1. Where is your pointer for your degree wheel...don't see it in the pics?

2. Was your test motor ever rebuilt...has there been any material decked from the block or milled from the head?

3. Do you have a set of B20A cams to compare to your USDM cams?

Cheers!
i know it's a long thread, but had you read it all you would have found the answers to the first 2 questions. for the third, no i dont have a set of jdm b20a cams to do the same to.

if anyone wants to donate a set of jdm b20a cams for me to get info on, im sure it'd be helpful to know. or if you need the cams but can part with them for a week or two, you could always ship them to me along with some form of payment to ship them back to you as soon as im done with them. for anyone willing to do this though, please be from the U.S. makes it quicker and easier to ship back and forth

OMega said:
Good job! Research like this helps us make more power. It better then the shot gun approach. This information also back why cam gears help so much on a stock setup. With my stuck setup I was able to shave off .2 off my track times after adjusting my cam gears.
sounds about right. now imagine what you could do to your times if you could get longer duration regrinds with even a bit more overlap then the stock cams with adj gears allow lol.

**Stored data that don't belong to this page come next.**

(* There exist an objective $f:\mathbb{R}^d\to\mathbb{R}$ satisfying Assumptions 1 and 2, a stochastic gradient oracle $(F,\mathcal D)$ satisfying Assumption 3, an initial point $x^{(0)}$ and a constant $\epsilon_0>0$ such that for GaSare with an arbitrary subspace optimizer, any sparsity levels $k_\ell<m_\ell n_\ell$, any period $\tau\ge1$, any choice of the maps $\rho_\ell^{(t)}$ (with arbitrary hyperparameters), and every realization of the samples, $\|\nabla f(x^{(t)})\|_2^2\ge\epsilon_0$ for all $t\ge0$.
   Context: Parameters $x=(\mathrm{vec}(X_1)^\top,\dots,\mathrm{vec}(X_{N_L})^\top)^\top\in\mathbb{R}^d$, $X_\ell\in\mathbb{R}^{m_\ell\times n_\ell}$; $f(x)=\mathbb{E}_{\xi\sim\mathcal D}F(x;\xi)$; $\nabla_\ell$ is the gradient w.r.t. $X_\ell$. Assumption 1: $\inf f>-\infty$. Assumption 2: $\nabla f$ is $L$-Lipschitz in $\|\cdot\|_2$. Assumption 3: $\mathbb{E}_\xi[\nabla_\ell F(x;\xi)]=\nabla_\ell f(x)$ and $\mathbb{E}_\xi\|\nabla_\ell F(x;\xi)-\nabla_\ell f(x)\|_F^2\le\sigma_\ell^2$ for all $x,\ell$. GaSare with an arbitrary subspace optimizer: at each $t$ draw $\xi^{(t)}\sim\mathcal D$ independently and set $G_\ell^{(t)}=\nabla_\ell F(x^{(t)};\xi^{(t)})$; if $t\equiv0\pmod\tau$ let $S_\ell^{(t)}$ be a Top-$k_\ell$ mask of $G_\ell^{(t)}$ (the $0/1$ matrix with exactly $k_\ell$ ones at positions of $k_\ell$ entries of largest absolute value, ties arbitrary), otherwise $S_\ell^{(t)}=S_\ell^{(t-1)}$; update $X_\ell^{(t+1)}=X_\ell^{(t)}+S_\ell^{(t)}\odot\rho_\ell^{(t)}(S_\ell^{(t)}\odot G_\ell^{(t)})$, where $\rho_\ell^{(t)}$ is an arbitrary (possibly stateful) map from $m_\ell\times n_\ell$ matrices to $m_\ell\times n_\ell$ matrices and $\odot$ is the entrywise product. *)

theory Defs
  imports "HOL-Analysis.Analysis" "HOL-Probability.Probability"
begin

text \<open>Parameters are vectors x :: real^'p over a finite index type 'p of all entries
  of all layer matrices; lay p is the layer of entry p, so the block of layer l is
  vec(X_l) and the Frobenius norm of a layer block is the Euclidean norm of its
  restriction.\<close>

definition layer :: "('p \<Rightarrow> 'l) \<Rightarrow> 'l \<Rightarrow> 'p set" where
  "layer lay l = {p. lay p = l}"

definition blk :: "('p \<Rightarrow> 'l) \<Rightarrow> 'l \<Rightarrow> real^'p \<Rightarrow> real^'p" where
  "blk lay l v = (\<chi> p. if lay p = l then v $ p else 0)"

text \<open>Entrywise product with the 0/1 mask whose support is S.\<close>
definition mask_mult :: "'p set \<Rightarrow> real^'p \<Rightarrow> real^'p" where
  "mask_mult S v = (\<chi> p. if p \<in> S then v $ p else 0)"

definition is_topk :: "('p \<Rightarrow> 'l) \<Rightarrow> 'l \<Rightarrow> nat \<Rightarrow> real^'p \<Rightarrow> 'p set \<Rightarrow> bool" where
  "is_topk lay l k G S \<longleftrightarrow> S \<subseteq> layer lay l \<and> card S = k \<and>
     (\<forall>p\<in>S. \<forall>q\<in>layer lay l - S. \<bar>G $ q\<bar> \<le> \<bar>G $ p\<bar>)"

text \<open>A trajectory (xs, S) of GaSare with an arbitrary subspace optimizer.
  gF x xi is the stochastic gradient at x for sample xi; xis t is the sample drawn at step t.
  rho t l is the (possibly stateful) map used at step t on layer l: its state is modelled by
  letting it see the whole history of its inputs S_l^(s) (.) G_l^(s), s \<le> t.\<close>
definition gasare_run ::
  "('p \<Rightarrow> 'l) \<Rightarrow> (real^'p \<Rightarrow> 'x \<Rightarrow> real^'p) \<Rightarrow> real^'p \<Rightarrow> ('l \<Rightarrow> nat) \<Rightarrow> nat \<Rightarrow>
   (nat \<Rightarrow> 'l \<Rightarrow> (nat \<Rightarrow> real^'p) \<Rightarrow> real^'p) \<Rightarrow> (nat \<Rightarrow> 'x) \<Rightarrow>
   (nat \<Rightarrow> real^'p) \<Rightarrow> (nat \<Rightarrow> 'l \<Rightarrow> 'p set) \<Rightarrow> bool" where
  "gasare_run lay gF x0 k \<tau> rho xis xs S \<longleftrightarrow>
     xs 0 = x0 \<and>
     (\<forall>t l. (t mod \<tau> = 0 \<longrightarrow> is_topk lay l (k l) (gF (xs t) (xis t)) (S t l)) \<and>
            (t mod \<tau> \<noteq> 0 \<longrightarrow> S t l = S (t - 1) l)) \<and>
     (\<forall>t. xs (Suc t) = xs t +
        (\<chi> p. if p \<in> S t (lay p)
               then rho t (lay p)
                      (\<lambda>s. if s \<le> t then mask_mult (S s (lay p)) (gF (xs s) (xis s)) else 0) $ p
               else 0))"

end

theory Submission
  imports Defs
begin

text \<open>Take f(x) = x_q^2 for one fixed entry q and let each sample add \<plusminus>3 times the sum of all
  other entries. The sampled gradient then has entry 2 x_q at q and entries of absolute value 3
  everywhere else, so while x_q = 1 the entry q is the strictly smallest one of its layer and is
  never chosen by a Top-k mask with k below the layer size. Masked-out entries are never
  updated, hence x_q stays 1 forever and the true gradient 2 x_q e_q keeps squared norm 4.\<close>

lemma topk_excludes_strict_minimum:
  assumes topk: "is_topk lay l k G S" and k: "k < card (layer lay l)"
    and fin: "finite (layer lay l)" and q: "lay q = l"
    and smallest: "\<And>p. lay p = l \<Longrightarrow> p \<noteq> q \<Longrightarrow> \<bar>G $ q\<bar> < \<bar>G $ p\<bar>"
  shows "q \<notin> S"
proof
  assume "q \<in> S"
  have S: "S \<subseteq> layer lay l" "card S = k" using topk unfolding is_topk_def by auto
  have "\<not> layer lay l \<subseteq> S" using S k fin card_mono by fastforce
  then obtain p where p: "p \<in> layer lay l - S" by blast
  then have "\<bar>G $ p\<bar> \<le> \<bar>G $ q\<bar>" using topk \<open>q \<in> S\<close> unfolding is_topk_def by blast
  moreover have "lay p = l" "p \<noteq> q" using p \<open>q \<in> S\<close> by (auto simp: layer_def)
  ultimately show False using smallest by force
qed

text \<open>No assumption on \<tau> is needed: for \<tau> = 0 the mask is drawn at t = 0 and kept forever.\<close>

lemma gasare_run_coordinate_frozen:
  assumes run: "gasare_run lay gF x0 k \<tau> rho xis xs S"
    and excluded: "\<And>t. t mod \<tau> = 0 \<Longrightarrow> xs t $ q = x0 $ q \<Longrightarrow> q \<notin> S t (lay q)"
  shows "xs t $ q = x0 $ q \<and> q \<notin> S t (lay q)"
proof (induction t)
  case 0
  then show ?case using run excluded[of 0] by (simp add: gasare_run_def)
next
  case (Suc t)
  then have frozen: "xs (Suc t) $ q = x0 $ q" using run by (simp add: gasare_run_def)
  moreover have "q \<notin> S (Suc t) (lay q)"
  proof (cases "Suc t mod \<tau> = 0")
    case True
    then show ?thesis by (rule excluded[OF _ frozen])
  next
    case False
    then have "S (Suc t) (lay q) = S t (lay q)" using run by (simp add: gasare_run_def)
    then show ?thesis using Suc by simp
  qed
  ultimately show ?case ..
qed

definition trap_obj :: "'p \<Rightarrow> real^'p \<Rightarrow> real" where
  "trap_obj q x = (x $ q)\<^sup>2"

definition trap_grad :: "'p \<Rightarrow> real^'p \<Rightarrow> real^'p" where
  "trap_grad q x = (2 * x $ q) *\<^sub>R axis q 1"

definition trap_noise :: "nat \<Rightarrow> real" where
  "trap_noise \<xi> = (if \<xi> = 0 then 3 else -3)"

definition off_axis :: "'p \<Rightarrow> real^'p" where
  "off_axis q = (\<chi> p. if p = q then 0 else 1)"

definition trap_sample_obj :: "'p \<Rightarrow> real^'p \<Rightarrow> nat \<Rightarrow> real" where
  "trap_sample_obj q x \<xi> = trap_obj q x + trap_noise \<xi> * (off_axis q \<bullet> x)"

definition trap_sample_grad :: "'p \<Rightarrow> real^'p \<Rightarrow> nat \<Rightarrow> real^'p" where
  "trap_sample_grad q x \<xi> = trap_grad q x + trap_noise \<xi> *\<^sub>R off_axis q"

lemma has_derivative_coord_square_plus_linear:
  fixes w x :: "real^'p::finite"
  shows "((\<lambda>y. (y $ q)\<^sup>2 + c * (w \<bullet> y))
           has_derivative (\<lambda>h. ((2 * x $ q) *\<^sub>R axis q 1 + c *\<^sub>R w) \<bullet> h)) (at x)"
proof -
  have "((\<lambda>y. (axis q 1 \<bullet> y) * (axis q 1 \<bullet> y) + c * (w \<bullet> y)) has_derivative
         (\<lambda>h. (axis q 1 \<bullet> x) * (axis q 1 \<bullet> h) + (axis q 1 \<bullet> h) * (axis q 1 \<bullet> x) + c * (w \<bullet> h)))
         (at x)"
    by (intro derivative_intros)
  then show ?thesis
    by (simp add: inner_axis' power2_eq_square inner_add_left algebra_simps)
qed

lemma trap_obj_has_derivative: "(trap_obj q has_derivative (\<lambda>h. trap_grad q x \<bullet> h)) (at x)"
  using has_derivative_coord_square_plus_linear[of q 0 0 x]
  by (simp add: trap_obj_def[abs_def] trap_grad_def)

lemma trap_sample_obj_has_derivative:
  "((\<lambda>y. trap_sample_obj q y \<xi>) has_derivative (\<lambda>h. trap_sample_grad q x \<xi> \<bullet> h)) (at x)"
  using has_derivative_coord_square_plus_linear[of q "trap_noise \<xi>" "off_axis q" x]
  by (simp add: trap_sample_obj_def trap_sample_grad_def trap_obj_def trap_grad_def)

lemma trap_grad_lipschitz: "norm (trap_grad q x - trap_grad q y) \<le> 2 * norm (x - y)"
proof -
  have "trap_grad q x - trap_grad q y = (2 * (x - y) $ q) *\<^sub>R axis q 1"
    by (simp add: trap_grad_def algebra_simps)
  then have "norm (trap_grad q x - trap_grad q y) = 2 * \<bar>(x - y) $ q\<bar>"
    by (simp only: norm_scaleR norm_axis_1 abs_mult)
  also have "\<dots> \<le> 2 * norm (x - y)" using component_le_norm_cart[of "x - y" q] by simp
  finally show ?thesis .
qed

lemma trap_sample_grad_nth:
  "trap_sample_grad q x \<xi> $ p = (if p = q then 2 * x $ q else trap_noise \<xi>)"
  by (simp add: trap_sample_grad_def trap_grad_def off_axis_def axis_def)

lemma integrable_pmf_of_set_01:
  fixes g :: "nat \<Rightarrow> 'z::{banach,second_countable_topology}"
  shows "integrable (measure_pmf (pmf_of_set {0, 1})) g"
  by (rule integrable_measure_pmf_finite) (simp add: set_pmf_of_set)

lemma expectation_pmf_of_set_01:
  fixes g :: "nat \<Rightarrow> 'z::{banach,second_countable_topology}"
  shows "measure_pmf.expectation (pmf_of_set {0, 1}) g = (g 0 + g 1) /\<^sub>R 2"
proof -
  have "measure_pmf.expectation (pmf_of_set {0, 1}) g
          = (\<Sum>i\<in>{0, 1}. pmf (pmf_of_set {0, 1}) i *\<^sub>R g i)"
    by (rule integral_measure_pmf) (auto simp: set_pmf_of_set)
  then show ?thesis by (simp add: scaleR_add_right)
qed

lemma trap_sample_obj_expectation:
  "measure_pmf.expectation (pmf_of_set {0, 1}) (trap_sample_obj q x) = trap_obj q x"
  unfolding expectation_pmf_of_set_01 by (simp add: trap_sample_obj_def trap_noise_def)

lemma trap_oracle_block_variance_bounded:
  "\<exists>\<sigma> :: 'l \<Rightarrow> real. \<forall>x l.
     integrable (pmf_of_set {0, 1}) (\<lambda>\<xi>. blk lay l (trap_sample_grad q x \<xi>)) \<and>
     measure_pmf.expectation (pmf_of_set {0, 1}) (\<lambda>\<xi>. blk lay l (trap_sample_grad q x \<xi>))
       = blk lay l (trap_grad q x) \<and>
     integrable (pmf_of_set {0, 1})
       (\<lambda>\<xi>. (norm (blk lay l (trap_sample_grad q x \<xi> - trap_grad q x)))\<^sup>2) \<and>
     measure_pmf.expectation (pmf_of_set {0, 1})
       (\<lambda>\<xi>. (norm (blk lay l (trap_sample_grad q x \<xi> - trap_grad q x)))\<^sup>2) \<le> (\<sigma> l)\<^sup>2"
proof (intro exI[of _ "\<lambda>l. 3 * norm (blk lay l (off_axis q))"] allI conjI)
  fix x l
  show "measure_pmf.expectation (pmf_of_set {0, 1}) (\<lambda>\<xi>. blk lay l (trap_sample_grad q x \<xi>))
          = blk lay l (trap_grad q x)"
    unfolding expectation_pmf_of_set_01
    by (simp add: trap_sample_grad_def trap_noise_def blk_def vec_eq_iff)
  have "blk lay l (trap_sample_grad q x \<xi> - trap_grad q x) = trap_noise \<xi> *\<^sub>R blk lay l (off_axis q)"
    for \<xi> by (simp add: trap_sample_grad_def blk_def vec_eq_iff)
  then show "measure_pmf.expectation (pmf_of_set {0, 1})
      (\<lambda>\<xi>. (norm (blk lay l (trap_sample_grad q x \<xi> - trap_grad q x)))\<^sup>2)
      \<le> (3 * norm (blk lay l (off_axis q)))\<^sup>2"
    unfolding expectation_pmf_of_set_01 by (simp add: trap_noise_def)
qed (rule integrable_pmf_of_set_01)+

lemma gasare_run_trap_grad_stuck:
  fixes lay :: "'p::finite \<Rightarrow> 'l"
  assumes k: "\<forall>l. k l < card (layer lay l)"
    and run: "gasare_run lay (trap_sample_grad q) (axis q 1) k \<tau> rho xis xs S"
  shows "trap_grad q (xs t) = 2 *\<^sub>R axis q 1"
proof -
  have "q \<notin> S t (lay q)" if "t mod \<tau> = 0" "xs t $ q = axis q 1 $ q" for t
  proof (rule topk_excludes_strict_minimum)
    show "is_topk lay (lay q) (k (lay q)) (trap_sample_grad q (xs t) (xis t)) (S t (lay q))"
      using run that(1) by (simp add: gasare_run_def)
    show "\<bar>trap_sample_grad q (xs t) (xis t) $ q\<bar> < \<bar>trap_sample_grad q (xs t) (xis t) $ p\<bar>"
      if "p \<noteq> q" for p
      using that \<open>xs t $ q = axis q 1 $ q\<close> by (simp add: trap_sample_grad_nth trap_noise_def)
  qed (use k in auto)
  then have "xs t $ q = 1" using gasare_run_coordinate_frozen[OF run] by force
  then show ?thesis by (simp add: trap_grad_def)
qed

theorem theoremC3:
  fixes lay :: "'p::finite \<Rightarrow> 'l"
  assumes "surj lay"
  shows "\<exists>(f :: real^'p \<Rightarrow> real) (gf :: real^'p \<Rightarrow> real^'p)
            (F :: real^'p \<Rightarrow> nat \<Rightarrow> real) (gF :: real^'p \<Rightarrow> nat \<Rightarrow> real^'p)
            (D :: nat pmf) (x0 :: real^'p) (\<epsilon>0 :: real).
     \<comment> \<open>gf is the gradient of f and gF x xi the gradient of F(.;xi) at x\<close>
     (\<forall>x. (f has_derivative (\<lambda>h. gf x \<bullet> h)) (at x)) \<and>
     (\<forall>x xi. ((\<lambda>y. F y xi) has_derivative (\<lambda>h. gF x xi \<bullet> h)) (at x)) \<and>
     \<comment> \<open>f(x) = E F(x;xi)\<close>
     (\<forall>x. integrable (measure_pmf D) (F x) \<and> f x = measure_pmf.expectation D (F x)) \<and>
     \<comment> \<open>Assumption 1\<close>
     bdd_below (range f) \<and>
     \<comment> \<open>Assumption 2\<close>
     (\<exists>L. \<forall>x y. norm (gf x - gf y) \<le> L * norm (x - y)) \<and>
     \<comment> \<open>Assumption 3\<close>
     (\<exists>\<sigma> :: 'l \<Rightarrow> real. \<forall>x l.
        integrable (measure_pmf D) (\<lambda>xi. blk lay l (gF x xi)) \<and>
        measure_pmf.expectation D (\<lambda>xi. blk lay l (gF x xi)) = blk lay l (gf x) \<and>
        integrable (measure_pmf D) (\<lambda>xi. (norm (blk lay l (gF x xi - gf x)))\<^sup>2) \<and>
        measure_pmf.expectation D (\<lambda>xi. (norm (blk lay l (gF x xi - gf x)))\<^sup>2) \<le> (\<sigma> l)\<^sup>2) \<and>
     \<epsilon>0 > 0 \<and>
     \<comment> \<open>GaSare with any sparsity, period, maps, tie-breaking and sample realization\<close>
     (\<forall>(k :: 'l \<Rightarrow> nat) (\<tau> :: nat) rho (xis :: nat \<Rightarrow> nat) xs S.
        (\<forall>l. k l < card (layer lay l)) \<longrightarrow> \<tau> \<ge> 1 \<longrightarrow>
        (\<forall>t. xis t \<in> set_pmf D) \<longrightarrow>
        gasare_run lay gF x0 k \<tau> rho xis xs S \<longrightarrow>
        (\<forall>t. (norm (gf (xs t)))\<^sup>2 \<ge> \<epsilon>0))"
proof -
  fix q :: 'p
  have "bdd_below (range (trap_obj q))" by (auto simp: trap_obj_def intro: bdd_belowI[of _ 0])
  moreover have "\<exists>L. \<forall>x y. norm (trap_grad q x - trap_grad q y) \<le> L * norm (x - y)"
    using trap_grad_lipschitz by blast
  moreover have "(norm (trap_grad q (xs t)))\<^sup>2 \<ge> 4"
    if "\<forall>l. k l < card (layer lay l)" "gasare_run lay (trap_sample_grad q) (axis q 1) k \<tau> rho xis xs S"
    for k \<tau> rho xis xs S t
    using gasare_run_trap_grad_stuck[OF that] by (simp add: norm_axis_1)
  ultimately show ?thesis
    using trap_obj_has_derivative trap_sample_obj_has_derivative
      trap_sample_obj_expectation[symmetric] integrable_pmf_of_set_01
      trap_oracle_block_variance_bounded[of lay q]
    by (intro exI[of _ "trap_obj q"] exI[of _ "trap_grad q"] exI[of _ "trap_sample_obj q"]
        exI[of _ "trap_sample_grad q"] exI[of _ "pmf_of_set {0, 1}"] exI[of _ "axis q 1"]
        exI[of _ 4]) auto
qed

end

this is the main reason i decided to get all this info in the first place; so i have a base platform to get reground. so i know what the cams are originally, so i could figure out what i want changed, and to provide the grider with the information so he knows what and how much to grind off where to get the new specs i provide. other reason for doin it was cuz i really want to know the exact diference between b20a5 and b21a1 cams. third reason is cuz i know all of you that are serious about your motors could sure use the knowledge lol, and the ones that dont need to know would at least like to know and appreciate the info haha

valenburg said:
so at this point new cams are def. must. How are these cam specs compared to the b18b cams or any other cross transferable cams.
i'm really not sure. i dont have much for specs on stock b18b cams.

David Mansfield said:
sweet man this is awsome info!! I cant wait to see the B21 cam info. Mabe you can do the same for the B20 JDM motors?
thanks, same here. as for the jdm cams, scroll up...
 
#8 ·
on my way outside right now to install the b21a1 cams and get the info for them. i'll add it to the first post once completed. bout 2 or 3 hours from now should have the info in here.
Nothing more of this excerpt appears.